*** Opening of DATASET EXTRACT ***
(* Let $q\in(0,1)$ and consider an SC6V model on a skew domain $P-Q$. Let $\mathcal A=(\alpha_1,\dots,\alpha_k)$, $\mathcal B=(\beta_1,\dots,\beta_k)\in(\mathbb{Z}+\frac12)^k$ and $\mathbf c=(c_1,\dots,c_k)\in\mathbb{Z}^k$ satisfy, for some $r,t\ge1$, $$\alpha_1\le\dots\le\alpha_{r-1}<\alpha=\alpha_r=\dots=\alpha_{r+t-1}<\alpha_{r+t}\le\dots\le\alpha_k,$$ $$\beta_1\ge\dots\ge\beta_{r-1}>\beta=\beta_r=\dots=\beta_{r+t-1}>\beta_{r+t}\ge\dots\ge\beta_k,\qquad c_1\le\dots\le c_k.$$ Assume all points $(\alpha_i,\beta_i)$ lie in the region $P-Q$, as does the vertex $v=(\alpha-\frac12,\beta-\frac12)$, and let $z$ be the spectral parameter of $v$. Then for every $[r,r+t-1]$-ordered permutation $\pi\in S_k$, $$q^{l(\pi)}\mathbb E\big[q^{\mathcal H^{(\mathcal A,\mathcal B)}_{\pi.\mathbf c}}\big]=\frac{q-q^tz}{q-z}q^{l(\pi)}\mathbb E\big[q^{\mathcal H^{(\mathcal A,\mathcal B-\mathbf e^{[r,r+t-1]})}_{\pi.\mathbf c}}\big]+\sum_{i=0}^{t-1}\frac{qz-1}{q-z}q^{l(\sigma^+_{[r,r+i]}\pi)}\mathbb E\big[q^{\mathcal H^{(\mathcal A-\mathbf e^r,\mathcal B-\mathbf e^{[r,r+t-1]})}_{\sigma^+_{[r,r+i]}\pi.\mathbf c}}\big]+\sum_{i=0}^{t-1}\frac{1-z}{q-z}q^{l(\sigma^+_{[r,r+i]}\pi)}\mathbb E\big[q^{\mathcal H^{(\mathcal A-\mathbf e^r,\mathcal B-\mathbf e^{[r+1,r+t-1]})}_{\sigma^+_{[r,r+i]}\pi.\mathbf c}}\big].$$
   Context: SC6V weights: colors $\{0,\dots,n\}$ ($0$ = no path); a vertex with incoming bottom $i$, left $j$, outgoing top $k$, right $l$ has weight $R_z(i,j;k,l)$ where, for $0\le i<j\le n$: $R_z(i,i;i,i)=1$, $R_z(j,i;j,i)=\frac{q(z-1)}{z-q}$, $R_z(j,i;i,j)=\frac{z(1-q)}{z-q}$, $R_z(i,j;i,j)=\frac{z-1}{z-q}$, $R_z(i,j;j,i)=\frac{1-q}{z-q}$, others $0$. Setting: lattice vertices $(a,b)$ ($a$ column, $b$ row), dual points in $(\mathbb{Z}+\frac12)^2$. $Q\le P$ are up-left paths (steps $(-1,0)$ or $(0,+1)$) with common endpoints, $Q$ weakly down-left of $P$; $P-Q$ is the set of lattice vertices between them with adjacent edges. Incoming edges (crossing steps of $Q$) are colored by a weakly increasing coloring of the steps of $Q$ (from its first point $Q_0$). Each row and column has a rapidity; a vertex's spectral parameter is (row rapidity)/(column rapidity). The model is the (possibly complex-valued) probability measure on configurations with weight the product of vertex weights. Height function: $h^{Q_0}_{>c}=0$; if the edge separating $(\alpha,\beta),(\alpha+1,\beta)$ has color $i$, $h^{(\alpha+1,\beta)}_{>c}=h^{(\alpha,\beta)}_{>c}-\mathbb 1_{i>c}$; if the edge separating $(\alpha,\beta),(\alpha,\beta+1)$ has color $i$, $h^{(\alpha,\beta+1)}_{>c}=h^{(\alpha,\beta)}_{>c}+\mathbb 1_{i>c}$. Notation: $\mathcal H^{(\mathcal A,\mathcal B)}_{(d_1,\dots,d_k)}=\sum_{i=1}^kh^{(\alpha_i,\beta_i)}_{>d_i}$. For $\pi\in S_k$, $\pi.(d_1,\dots,d_k)=(d_{\pi^{-1}(1)},\dots,d_{\pi^{-1}(k)})$; products of permutations are compositions. $\sigma_i$ is the transposition of $i,i+1$; $l(\pi)$ is the length (minimal number of $\sigma_i$'s). $\sigma^+_{[a,b]}=\sigma_a\sigma_{a+1}\cdots\sigma_{b-1}$ ($=\mathrm{id}$ if $a=b$). $\pi$ is $[a,b]$-ordered if $\pi^{-1}(i)<\pi^{-1}(j)$ for all $a\le i<j\le b$. $\mathbf e^i$ is the $i$-th standard basis vector of $\mathbb{Z}^k$ and $\mathbf e^{[a,b]}=\sum_{i=a}^b\mathbf e^i$ ($=0$ if $a>b$). *)

theory Defs
  imports Complex_Main "HOL-Combinatorics.Permutations"
begin
lemma orbits_meeting_disjoint:
  assumes "C1 \<in> R" "C2 \<in> R" "C1 \<noteq> C2"
  shows "orbits_meeting C1 \<inter> orbits_meeting C2 = {}"
proof (rule ccontr)
  assume "orbits_meeting C1 \<inter> orbits_meeting C2 \<noteq> {}"
  then obtain Ob y1 y2 where Ob: "Ob \<in> orbits G X \<phi>" "y1 \<in> Ob \<inter> fibre C1" "y2 \<in> Ob \<inter> fibre C2"
    by (auto simp: orbits_meeting_def)
  then obtain x where x: "x \<in> X" "Ob = orbit G \<phi> x"
    by (auto simp: orbits_def)
  have "C \<in> orbit G \<psi> (P x)" if "y \<in> Ob \<inter> fibre C" for y C
    using that x equivariant by (auto simp: orbit_def fibre_def)
  then show False
    using Ob transversal[OF x(1)] assms by blast
qed

lemma finite_transversal:
  assumes "finite (orbits G X \<phi>)" "R \<subseteq> P ` X"
  shows "finite R"
proof -
  have "orbits_meeting C \<noteq> {}" if C: "C \<in> R" for C
  proof -
    obtain x where x: "x \<in> X" "C = P x"
      using C assms(2) by blast
    then have "orbit G \<phi> x \<in> orbits_meeting C"
      using orbit_refl by (auto simp: orbits_meeting_def orbits_def fibre_def)
    then show ?thesis
      by blast
  qed
  then have "inj_on orbits_meeting R"
    using orbits_meeting_disjoint by (metis inf.idem inj_onI)
  moreover have "orbits_meeting ` R \<subseteq> Pow (orbits G X \<phi>)"
    by (auto simp: orbits_meeting_def)
  ultimately show ?thesis
    using assms(1) inj_on_finite by blast
qed
(* Let $G_{FL}=(\omega^{<\omega},c_{00}(\omega))$ and equip $c_{00}(\omega)$ with the ultrametric $d(R,R')=\frac{1}{\Delta(R,R')+1}$ for $R\neq R'$ and $d(R,R)=0$. The map $\varphi\colon \mathrm{Aut}(G_{FL})\to \mathrm{Iso}(c_{00}(\omega),d)$, $\varphi(f)=\bar f|_{c_{00}(\omega)}$, is a well-defined group isomorphism from the automorphism group of $G_{FL}$ in $\mathbf{Games}_A$ onto the group of surjective isometries of $(c_{00}(\omega),d)$ onto itself.
   Context: $c_{00}(\omega)$ is the set of eventually zero sequences in $\omega^\omega$; for distinct $R,R'\in\omega^\omega$, $\Delta(R,R')=\min\{n<\omega:R(n)\neq R'(n)\}$. A map $f\colon\omega^{<\omega}\to\omega^{<\omega}$ is chronological if $|f(t)|=|t|$ and $f(t\restriction k)=f(t)\restriction k$ for all $t$ and $k\le|t|$ (with $|t|$ the length and $t\restriction k$ the initial segment of length $k$); it induces $\bar f\colon\omega^\omega\to\omega^\omega$ with $\bar f(R)\restriction n=f(R\restriction n)$. An automorphism of $G_{FL}$ in $\mathbf{Games}_A$ is a bijective chronological map $f\colon\omega^{<\omega}\to\omega^{<\omega}$ with $\bar f[c_{00}(\omega)]=c_{00}(\omega)$; the group operation is composition. *)

theory Defs
  imports Complex_Main "HOL-Algebra.Group" "HOL-Library.FuncSet"
begin

text \<open>omega^omega is nat => nat; omega^{<omega} is nat list.\<close>

definition c00 :: "(nat \<Rightarrow> nat) set" where
  "c00 = {R. finite {n. R n \<noteq> 0}}"

definition Delta :: "(nat \<Rightarrow> nat) \<Rightarrow> (nat \<Rightarrow> nat) \<Rightarrow> nat" where
  "Delta R R' = (LEAST n. R n \<noteq> R' n)"

definition dist00 :: "(nat \<Rightarrow> nat) \<Rightarrow> (nat \<Rightarrow> nat) \<Rightarrow> real" where
  "dist00 R R' = (if R = R' then 0 else 1 / (real (Delta R R') + 1))"

definition chronological :: "(nat list \<Rightarrow> nat list) \<Rightarrow> bool" where
  "chronological f \<longleftrightarrow>
     (\<forall>t. length (f t) = length t \<and> (\<forall>k \<le> length t. f (take k t) = take k (f t)))"

text \<open>Induced map: fbar f R restricted to n equals f (R restricted to n).\<close>
definition fbar :: "(nat list \<Rightarrow> nat list) \<Rightarrow> (nat \<Rightarrow> nat) \<Rightarrow> (nat \<Rightarrow> nat)" where
  "fbar f R = (\<lambda>n. f (map R [0..<Suc n]) ! n)"

definition AutFL :: "(nat list \<Rightarrow> nat list) set" where
  "AutFL = {f. bij f \<and> chronological f \<and> fbar f ` c00 = c00}"

definition AutFL_group :: "(nat list \<Rightarrow> nat list) monoid" where
  "AutFL_group = \<lparr>carrier = AutFL, mult = (\<circ>), one = id\<rparr>"

definition Iso00 :: "((nat \<Rightarrow> nat) \<Rightarrow> (nat \<Rightarrow> nat)) set" where
  "Iso00 = {g. g \<in> extensional c00 \<and> bij_betw g c00 c00 \<and>
              (\<forall>R\<in>c00. \<forall>R'\<in>c00. dist00 (g R) (g R') = dist00 R R')}"

definition Iso00_group :: "((nat \<Rightarrow> nat) \<Rightarrow> (nat \<Rightarrow> nat)) monoid" where
  "Iso00_group = \<lparr>carrier = Iso00, mult = compose c00, one = restrict id c00\<rparr>"

definition phi :: "(nat list \<Rightarrow> nat list) \<Rightarrow> ((nat \<Rightarrow> nat) \<Rightarrow> (nat \<Rightarrow> nat))" where
  "phi f = restrict (fbar f) c00"

end

theory Submission
  imports Defs
begin

(* Write R|n for init_seg R n. The distance of two sequences R, R' only records the set of n
   with R|n = R'|n. A chronological injection f satisfies (fbar f R)|n = f (R|n), so fbar f
   preserves these sets and is an isometry. Conversely, let h be an isometry of a set A that
   meets every cone {R. R|length t = t} (c00 does, via zero extensions). Then
   t \<mapsto> (h R)|length t, for any R \<in> A extending t, does not depend on the choice of R,
   because h preserves agreement on the first length t entries; it is a chronological
   bijection inducing h on A. *)

section \<open>Initial segments and the ultrametric\<close>

definition init_seg :: "(nat \<Rightarrow> nat) \<Rightarrow> nat \<Rightarrow> nat list" where
  "init_seg R n = map R [0..<n]"

lemma length_init_seg [simp]: "length (init_seg R n) = n"
  by (simp add: init_seg_def)

lemma nth_init_seg [simp]: "i < n \<Longrightarrow> init_seg R n ! i = R i"
  by (simp add: init_seg_def)

lemma take_init_seg: "k \<le> n \<Longrightarrow> take k (init_seg R n) = init_seg R k"
  by (simp add: init_seg_def take_map)

lemma init_seg_eq_iff: "init_seg R n = init_seg R' n \<longleftrightarrow> (\<forall>i<n. R i = R' i)"
  by (auto simp: init_seg_def)

lemma all_init_seg_eq_iff: "(\<forall>n. init_seg R n = init_seg R' n) \<longleftrightarrow> R = R'"
  by (auto simp: init_seg_eq_iff)

lemma fbar_eq_nth_init_seg: "fbar f R n = f (init_seg R (Suc n)) ! n"
  by (simp add: fbar_def init_seg_def)

lemma init_seg_eq_iff_le_Delta:
  assumes "R \<noteq> R'"
  shows "init_seg R n = init_seg R' n \<longleftrightarrow> n \<le> Delta R R'"
proof -
  from assms obtain m where "R m \<noteq> R' m" by auto
  then have "R (Delta R R') \<noteq> R' (Delta R R')"
    unfolding Delta_def by (rule LeastI)
  moreover have "R i = R' i" if "i < Delta R R'" for i
    using that not_less_Least unfolding Delta_def by blast
  ultimately show ?thesis
    by (metis init_seg_eq_iff leI order_less_le_trans)
qed

lemma agreement_set:
  "{n. init_seg R n = init_seg R' n} = (if R = R' then UNIV else {..Delta R R'})"
  by (auto simp: init_seg_eq_iff_le_Delta)

lemma dist00_eq_iff_agreement_set_eq:
  "dist00 A B = dist00 C D \<longleftrightarrow>
     {n. init_seg A n = init_seg B n} = {n. init_seg C n = init_seg D n}"
proof -
  have "{..k} \<noteq> (UNIV :: nat set)" for k
    by (metis Suc_n_not_le_n UNIV_I atMost_iff)
  then show ?thesis
    unfolding agreement_set dist00_def by (auto simp: atMost_eq_iff)
qed

section \<open>Chronological maps\<close>

lemma chronological_length: "chronological f \<Longrightarrow> length (f t) = length t"
  by (simp add: chronological_def)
*** Close of DATASET EXTRACT ***
**INSTRUCTIONS TO FOLLOW:**
Starting at the line above that holds "theory Submission" and ending at the line that holds "t \<mapsto> (h", transcribe each line exactly and include no other lines.

**TASK RESULT:**
theory Submission
  imports Defs
begin

(* Write R|n for init_seg R n. The distance of two sequences R, R' only records the set of n
   with R|n = R'|n. A chronological injection f satisfies (fbar f R)|n = f (R|n), so fbar f
   preserves these sets and is an isometry. Conversely, let h be an isometry of a set A that
   meets every cone {R. R|length t = t} (c00 does, via zero extensions). Then
   t \<mapsto> (h R)|length t, for any R \<in> A extending t, does not depend on the choice of R,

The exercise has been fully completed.